Further investigation of signaling mechanisms of improved electrotaxis in highly-metastatic cancer cells will lead to an improved understanding of the electrical control of cancer cell migration. The striking difference in electrotaxis of H1650-M3 and H1650 cells is intriguing and may offer clues for possible mechanisms. In the current study, Cav-1, which is an integral membrane protein, was highly expressed in H1650-M3 cells. EF stimulation enhanced phosphorylation of Cav-1 in H1650-M3 cells, indicating that Cav-1 activation might play a role in cell electrotaxis. The essential role of Cav-1 in electrotaxis of H1650-M3 cells was further confirmed by shRNA KD of Cav-1, which abolished the electrotactic response of these cells. Previously, high expression of Cav-1 was demonstrated to be associated with enhanced malignancy, including multi-drug resistance and metastasis [33, 34]. In lung adenocarcinoma cells, Cav-1 is sufficient to promote filopodia formation, cell migration and increase metastatic potential [35]. Thus, our results, together with those findings, indicate that Cav-1 signaling mediates electrotaxis of lung cancer cells.

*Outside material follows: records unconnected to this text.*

lemma ml_coeff_eq_exp_ln_Gamma:
  assumes "\<alpha> \<ge> 0"
  shows "ml_coeff \<alpha> k = exp (ln_Gamma (real k + 1) - ln_Gamma (\<alpha> * real k + 1)) / fact k"
proof -
  have "Gamma (real k + 1) = fact k" using Gamma_fact[of k] by (simp add: add.commute)
  moreover have "0 < \<alpha> * real k + 1" using assms by (simp add: add_nonneg_pos)
  ultimately show ?thesis
    by (simp add: ml_coeff_def Gamma_real_pos_exp exp_diff field_simps)
qed

lemma ml_coeff_convolution_nonpos:
  assumes "\<alpha> \<ge> 1"
  shows "(\<Sum>i\<le>m. ml_coeff \<alpha> i * ml_coeff \<alpha> (m - i) * ((real m - 2 * real i)\<^sup>2 - real m)) \<le> 0"
proof -
  define \<phi> where "\<phi> t = ln_Gamma (t + 1) - ln_Gamma (\<alpha> * t + 1)" for t
  define C where "C i = real (m choose i)" for i
  define u where "u i = (real m - 2 * real i)\<^sup>2 - real m" for i
  define w where "w i = exp (\<phi> (real i) + \<phi> (real (m - i)))" for i
  have terms: "ml_coeff \<alpha> i * ml_coeff \<alpha> (m - i) * u i = C i * u i * w i / fact m" if "i \<le> m" for i
    using assms that
    by (simp add: ml_coeff_eq_exp_ln_Gamma C_def binomial_fact w_def \<phi>_def exp_add exp_diff mult_ac)
  have monotone: "u i \<le> u j \<and> w j \<le> w i" if "i \<le> m" "j \<le> m" "\<bar>real m - 2 * real i\<bar> \<le> \<bar>real m - 2 * real j\<bar>" for i j
  proof
    show "u i \<le> u j" using that by (simp add: u_def abs_le_square_iff)
    have "\<phi> (real j) + \<phi> (real (m - j)) \<le> \<phi> (real i) + \<phi> (real (m - i))"
      using that unfolding \<phi>_def
      by (intro concave_on_sum_le_of_spread[OF concave_on_ln_Gamma_ratio[OF assms]])
         (auto simp: of_nat_diff abs_minus_commute)
    then show "w j \<le> w i" by (simp add: w_def)
  qed
  have "(u i - u j) * (w i - w j) \<le> 0" if "i \<le> m" "j \<le> m" for i j
  proof (cases "\<bar>real m - 2 * real i\<bar> \<le> \<bar>real m - 2 * real j\<bar>")
    case True
    then show ?thesis using monotone[of i j] that by (intro mult_nonpos_nonneg) auto
  next
    case False
    then show ?thesis using monotone[of j i] that by (intro mult_nonneg_nonpos) auto
  qed
  then have "(\<Sum>i\<le>m. C i) * (\<Sum>i\<le>m. C i * u i * w i) \<le> (\<Sum>i\<le>m. C i * u i) * (\<Sum>i\<le>m. C i * w i)"
    by (intro Chebyshev_sum_upper_weighted) (auto simp: C_def)
  moreover have "(\<Sum>i\<le>m. C i * u i) = 0" unfolding C_def u_def by (rule sum_choose_centered_square)
  moreover have "(\<Sum>i\<le>m. C i) > 0"
    unfolding C_def by (metis choose_row_sum of_nat_0_less_iff of_nat_sum pos2 zero_less_power)
  ultimately have "(\<Sum>i\<le>m. C i * u i * w i) / fact m \<le> 0"
    by (simp add: mult_le_0_iff divide_nonpos_pos)
  moreover have "(\<Sum>i\<le>m. ml_coeff \<alpha> i * ml_coeff \<alpha> (m - i) * u i) = (\<Sum>i\<le>m. C i * u i * w i) / fact m"
    unfolding sum_divide_distrib by (rule sum.cong) (simp_all add: terms)
  ultimately show ?thesis by (simp add: u_def)
qed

Precisely how Cav-1 senses an EF remains unknown. As discussed in a previously published review, ion channels and mechanosensitive channels might be potential candidates [11]. Fluxes of Ca²⁺, K⁺, Na⁺ and Cl⁻ were induced after wounding of the cornea, and increased transport of Cl⁻ forms a significant portion of the wound electrical current [28]. Blocking the voltage-gated Na⁺ channel (VGSC) significantly reduced the cathodal galvanotactic response of rat prostate cancer Mat-LyLu cells [12]. Application of voltage pulses across keratinocytes caused Ca²⁺ influx through voltage-gated Ca²⁺ channels (VGCCs) [36], while Ca²⁺ channel blockers reduced galvanotaxis [36, 37].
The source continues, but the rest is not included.